Reporter: Siti Masitoh | Editor: Handoyo .
KONTAN.CO.ID - JAKARTA. Para ekonom memperkirakan pertumbuhan ekonomi Indonesia pada kuartal I 2023 akan tumbuh hingga 5%.
Ekonom Center of Reform on Economics (CORE) Indonesia Yusuf Rendy Manilet menilai kontribusi konsumsi rumah tangga diperkirakan akan menjadi pendorong paling besar pada pertumbuhan di kuartal ini, yakni di kisaran 4,5% hingga 4,9%.
Meski begitu, kontribusi konsumsi rumah tangga pada periode ini akan relatif sedikit melambat jika dibandingkan dengan pertumbuhan pada periode yang sama di tahun lalu.
“Kami melihatnya peak dari dorongan konsumsi yang disebabkan oleh faktor seasonal baru akan terjadi di kuartal II nanti,” tutur Yusuf kepada Kontan.co.id, belum lama ini.
Sementara itu, untuk investasi akan berkontribusi ke pertumbuhan ekonomi dengan kisaran sebesar 4,7% hingga 5%. Menurutnya, investasi didorong oleh proyek pemerintah yang berkontribusi dari besaran realisasi belanja modal pada APBN.

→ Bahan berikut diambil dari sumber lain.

theorem mainTheorem15:
  fixes x :: "nat \<Rightarrow> 'a::complex_normed_vector" and v :: 'a
  assumes "x \<in> linf"
    and "strongly_almost_convergent x v"
  shows "v \<in> closure (convex hull (range x))"
proof (rule ccontr)
  assume "v \<notin> closure (convex hull (range x))"
  then obtain f \<delta> where f: "linear f" and fb: "\<And>a. \<bar>f a\<bar> \<le> norm a" and "\<delta> > 0"
    and sep: "\<And>c. c \<in> convex hull (range x) \<Longrightarrow> f v + \<delta> \<le> f c"
    using separating_functional[OF convex_convex_hull] by (metis convex_hull_eq_empty range_eqI empty_iff)
  obtain F where F: "real_banach_limit F" using real_banach_limit_exists by blast
  have "complexified_limit F f x = complexified_limit F f (const_seq v)"
    using assms(2) complexified_banach_limit[OF F f fb] unfolding strongly_almost_convergent_def by blast
  then have "Re (complexified_limit F f x) = Re (complexified_limit F f (const_seq v))" by simp
  then have "F (\<lambda>n. f (x n)) = F (\<lambda>n. f v)" by (simp add: Re_complexified_limit const_seq_def)
  also have "\<dots> = f v" by (rule real_banach_limit_const[OF F])
  finally have "F (\<lambda>n. f (x n)) = f v" .
  moreover have "f v + \<delta> \<le> F (\<lambda>n. f (x n))"
    using sep hull_inc[of _ "range x"] by (intro real_banach_limit_lower[OF F linf_functional_Bseq[OF assms(1) fb]]) blast
  ultimately show False using \<open>\<delta> > 0\<close> by linarith
qed

end
(* Let $x_1,\dots,x_n$ be independent Bernoulli random variables, $p_i=\mathbb{E}x_i$ and $\bar p=\frac1n\sum_{i=1}^np_i$. For any $r>0$, $\varepsilon>0$, $\delta\in(0,1)$ and $q\in[0,1]$ with $|q-\bar p|\le r$, with probability at least $1-\delta$, $$\frac1n\sum_{i=1}^nx_i-\bar p<\varepsilon r+\sqrt{\frac{2q(1-q)\log(1/\delta)}{n}}+\Big(\frac23+\frac1{2\varepsilon}\Big)\frac{\log(1/\delta)}{n}.$$ The same upper bound also holds for $\bar p-\frac1n\sum_{i=1}^nx_i$ with probability at least $1-\delta$. *)

theory Defs
  imports "HOL-Probability.Probability"
begin

end

theory Submission
  imports Defs
begin

(* For |t| < 3 the exponential series gives exp (t y) <= 1 + t y + y^2 psi(t) whenever |y| <= 1,
   where psi(t) = t^2 / (2 (1 - |t|/3)); hence a Bernoulli variable with mean p has centred moment
   generating function at most exp (p (1 - p) psi(t)). By independence and Chernoff's bound, with
   a suitable t, the centred sum exceeds sqrt (2 V L) + 2 L / 3 with probability at most exp (-L)
   whenever V bounds the variance sum p_i (1 - p_i); by concavity V = n pbar (1 - pbar) will do.
   Finally pbar (1 - pbar) <= q (1 - q) + |q - pbar| and sqrt (2 r L / n) <= eps r + L / (2 eps n)
   turn the deviation sqrt (2 pbar (1 - pbar) L / n) into the bound of the theorem, with L = ln (1/delta). *)

definition Bernstein_psi :: "real \<Rightarrow> real" where
  "Bernstein_psi t = t\<^sup>2 / (2 * (1 - \<bar>t\<bar> / 3))"

lemma two_mult_three_power_le_fact: "2 * 3 ^ n \<le> (fact (n + 2) :: real)"
proof (induction n)
  case (Suc n)
  have "2 * 3 ^ Suc n = 3 * (2 * 3 ^ n :: real)" by simp
  also have "\<dots> \<le> (of_nat n + 3) * fact (n + 2)"
    using Suc by (intro mult_mono) auto
  also have "\<dots> = fact (Suc n + 2)"
    by (simp add: algebra_simps)
  finally show ?case .
qed simp

lemma exp_le_Bernstein:
  fixes t y :: real
  assumes t: "\<bar>t\<bar> < 3" and y: "\<bar>y\<bar> \<le> 1"
  shows "exp (t * y) \<le> 1 + t * y + y\<^sup>2 * Bernstein_psi t"
proof -
  define x where "x = t * y"
  define c where "c = y\<^sup>2 * t\<^sup>2 / 2"
  have geometric: "(\<lambda>n. c * (\<bar>t\<bar> / 3) ^ n) sums (y\<^sup>2 * Bernstein_psi t)"
  proof -
    have "(\<lambda>n. c * (\<bar>t\<bar> / 3) ^ n) sums (c * (1 / (1 - \<bar>t\<bar> / 3)))"
      using t by (intro sums_mult geometric_sums) simp
    also have "c * (1 / (1 - \<bar>t\<bar> / 3)) = y\<^sup>2 * Bernstein_psi t"
      by (simp add: c_def Bernstein_psi_def)
    finally show ?thesis .
  qed
  have term_le: "inverse (fact (n + 2)) * x ^ (n + 2) \<le> c * (\<bar>t\<bar> / 3) ^ n" for n
  proof -
    have "x ^ (n + 2) \<le> \<bar>x\<bar> ^ (n + 2)"
      by (metis power_abs abs_ge_self)
    also have "\<dots> = \<bar>t\<bar> ^ n * \<bar>y\<bar> ^ n * (t\<^sup>2 * y\<^sup>2)"
      by (simp add: x_def abs_mult power_add power_mult_distrib power2_eq_square mult_ac)
    also have "\<dots> \<le> \<bar>t\<bar> ^ n * 1 * (t\<^sup>2 * y\<^sup>2)"
      using y by (intro mult_right_mono mult_left_mono) (auto simp: power_le_one)
    finally have "inverse (fact (n + 2)) * x ^ (n + 2)
        \<le> inverse (fact (n + 2)) * (\<bar>t\<bar> ^ n * (t\<^sup>2 * y\<^sup>2))"
      by (intro mult_left_mono) simp_all
    also have "\<dots> \<le> inverse (2 * 3 ^ n) * (\<bar>t\<bar> ^ n * (t\<^sup>2 * y\<^sup>2))"
      using two_mult_three_power_le_fact[of n] by (intro mult_right_mono le_imp_inverse_le) auto
    also have "\<dots> = c * (\<bar>t\<bar> / 3) ^ n"
      by (simp add: c_def power_divide field_simps)
    finally show ?thesis .
  qed
  have "exp x - 1 - x = (\<Sum>n. inverse (fact (n + 2)) * x ^ (n + 2))"
    using exp_first_two_terms[of x] by simp
  also have "\<dots> \<le> (\<Sum>n. c * (\<bar>t\<bar> / 3) ^ n)"
    by (intro suminf_le term_le summable_exp[THEN summable_ignore_initial_segment]
        sums_summable[OF geometric])
  also have "\<dots> = y\<^sup>2 * Bernstein_psi t"
    using geometric by (simp add: sums_iff)
  finally show ?thesis by (simp add: x_def)
qed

Baca Juga: Pertumbuhan Ekonomi Indonesia Diproyeksi Capai Hingga 5,25% di Kuartal I-2023
Dari perkiraan tersebut, Yusuf optimistis pertumbuhan ekonomi Indonesia di kuartal I 2023 akan di kisaran 4,8% hingga 5%.
Dihubungi secara terpisah, Ekonom Makroekonomi dan Pasar Keuangan LPEM FEB UI Teuku Riefky juga sepakat pertumbuhan ekonomi Indonesia di periode tersebut akan sebesar 5%. Menurutnya, terdapat beberapa faktor pendorong yang berkontribusi pada ekonomi.
“Termasuk dibukanya PPKM sehingga mendorong konsumsi masyarakat,” kata Dia.
Sementara itu, Ekonom Center of Economic and Law Studies (Celios) Bhima Yudhistira mengatakan, sektor di industri manufaktur yang mulai mengalami peningkatan produksi dibarengi dengan konsumsi rumah tangga akan menjadi penopang pertumbuhan ekonomi di kuartal I.
“Konsumsi rumah tangga ini meningkat setelah pandemi Covid-19 mulai mereda,” tutur Bhima.
Meski begitu, Bhima menilai pertumbuhan ekonomi di kuartal I ini sempat terhambat oleh inflasi, kenaikan suku bunga dan juga ketidakpastian global. Dia memproyeksikan ekonomi Indonesia akan tumbuh di kisaran 4,8% hingga 5%.
Bhima memperkirakan pertumbuhan ekonomi di kuartal II berpotensi ada di bahwa 5%. Padahal pada periode tersebut ada momentum Lebaran yang biasanya pertumbuhan ekonomi di periode tersebut jauh lebih tinggi dari biasanya.
Baca Juga: Entaskan Kemiskinan, Wapres Dorong Optimalisasi Pajak dan Zakat
“Masalahnya ada di inflasi inti yang turun. Artinya masyarakat memang mudik, tapi spending yang dikeluarkan tidak signifikan artinya di bawah ekspektasi,” kata Dia.
Sehingga, lanjutnya, pertumbuhan ekonomi di kuartal II yang diperkirakan bisa tumbuh sebesar 5,5%, kemungkinan besar bisa di bawah 5%.
Selain itu, faktor lain yang kemungkinan menahan pertumbuhan ekonomi di Kuartal II adalah karena konsumen tidak mengantisipasi kenaikan suku bunga yang terus berlanjut. Faktor lain, bisa karena inflasi yang terjadi karena El Nino, yang bisa mengancam penurunan produksi pertanian. Padahal, inflasi pangan berkontribusi besar terhadap inflasi keseluruhan.
“Jadi ada sebuah gejala konsumen mau belanja jadi tertahan. Apakah karena masalah pajak imbas PPN yang naik jadi 11%. Itu banyak faktor yang membuat konsumsinya tidak bergairah utamanya di konsumen kelas menengah. Ini yang harus pemerintah turun tangan,” imbuhnya.